── Provided data ──

(* Let $(A,\succ,\prec)$ be a Leibniz-dendriform algebra with associated Leibniz algebra $(A,\circ)$ and let $r\in A\otimes A$ be skew-symmetric ($\tau(r)=-r$). The following are equivalent: (a) $S(r)=0$; (b) for all $\zeta,\eta\in A^*$: $T_r(\zeta)\circ T_r(\eta)=T_r\big(L_\succ^*(T_r(\zeta))\eta-L_\odot^*(T_r(\eta))\zeta\big)$ (i.e. $T_r$ is an $\mathcal O$-operator on $(A,\circ)$ associated to $(A^*,L_\succ^*,-L_\odot^* )$); (c) for all $\zeta,\eta\in A^*$: $T_r(\zeta)\succ T_r(\eta)=T_r\big(L_\circ^*(T_r(\zeta))\eta+R_\odot^*(T_r(\eta))\zeta\big)$ and $T_r(\zeta)\prec T_r(\eta)=T_r\big(-L_\prec^*(T_r(\zeta))\eta-L_\star^*(T_r(\eta))\zeta\big)$ (i.e. $T_r$ is an $\mathcal O$-operator on $(A,\succ,\prec)$ associated to $(A^*,L_\circ^*,R_\odot^*,-L_\prec^*,-L_\star^* )$).
   Context: All vector spaces are finite-dimensional over a field $k$; $\langle\cdot,\cdot\rangle$ is the natural pairing, $\tau(a\otimes b)=b\otimes a$. A Leibniz-dendriform algebra is a vector space $A$ with bilinear operations $\succ,\prec$ such that, with $x\circ y:=x\succ y+x\prec y$, for all $x,y,z\in A$: $(x\circ y)\succ z=x\succ(y\succ z)-y\succ(x\succ z)$, $y\prec(x\circ z)+(x\succ y)\prec z=x\succ(y\prec z)$, $x\prec(y\circ z)=(x\prec y)\prec z+y\succ(x\prec z)$. Write $x\odot y:=x\succ y+y\prec x$, $x\star y:=x\circ y+y\circ x$. For a binary operation $*$ let $L_*(x)y=x*y$, $R_*(x)y=y*x$, and $L_\odot:=L_\succ+R_\prec$, $R_\odot:=R_\succ+L_\prec$, $L_\star:=L_\circ+R_\circ$. For $f:A\to\mathrm{End}(A)$, $f^*:A\to\mathrm{End}(A^* )$ is $\langle f^*(x)\xi,v\rangle=-\langle\xi,f(x)v\rangle$. For $r=\sum_i a_i\otimes b_i$, $T_r:A^*\to A$ is $\langle T_r(\zeta),\eta\rangle=\langle r,\zeta\otimes\eta\rangle$, and $S(r):=\sum_{i,j}\big(a_i\otimes a_j\otimes (b_j\circ b_i)-a_i\otimes (b_i\odot a_j)\otimes b_j-(a_i\succ a_j)\otimes b_i\otimes b_j\big)$ (the Leibniz-dendriform Yang–Baxter equation is $S(r)=0$). *)

theory Defs
  imports Main "HOL-Library.Function_Algebras"
begin

text \<open>A finite-dimensional vector space A over a field 'k is represented in coordinates
  with respect to a basis indexed by a finite type 'n: A = ('n => 'k).
  The dual space A* is likewise ('n => 'k), with the natural pairing.
  Tensors in A (x) A are ('n => 'n => 'k), tensors in A (x) A (x) A are ('n => 'n => 'n => 'k).\<close>

type_synonym ('n,'k) vec = "'n \<Rightarrow> 'k"
type_synonym ('n,'k) bilop = "('n,'k) vec \<Rightarrow> ('n,'k) vec \<Rightarrow> ('n,'k) vec"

───

▶ Action item:
For the listing above, how many lines contain the word "over"? Respond with nothing but the number.

▶ Written solution:
2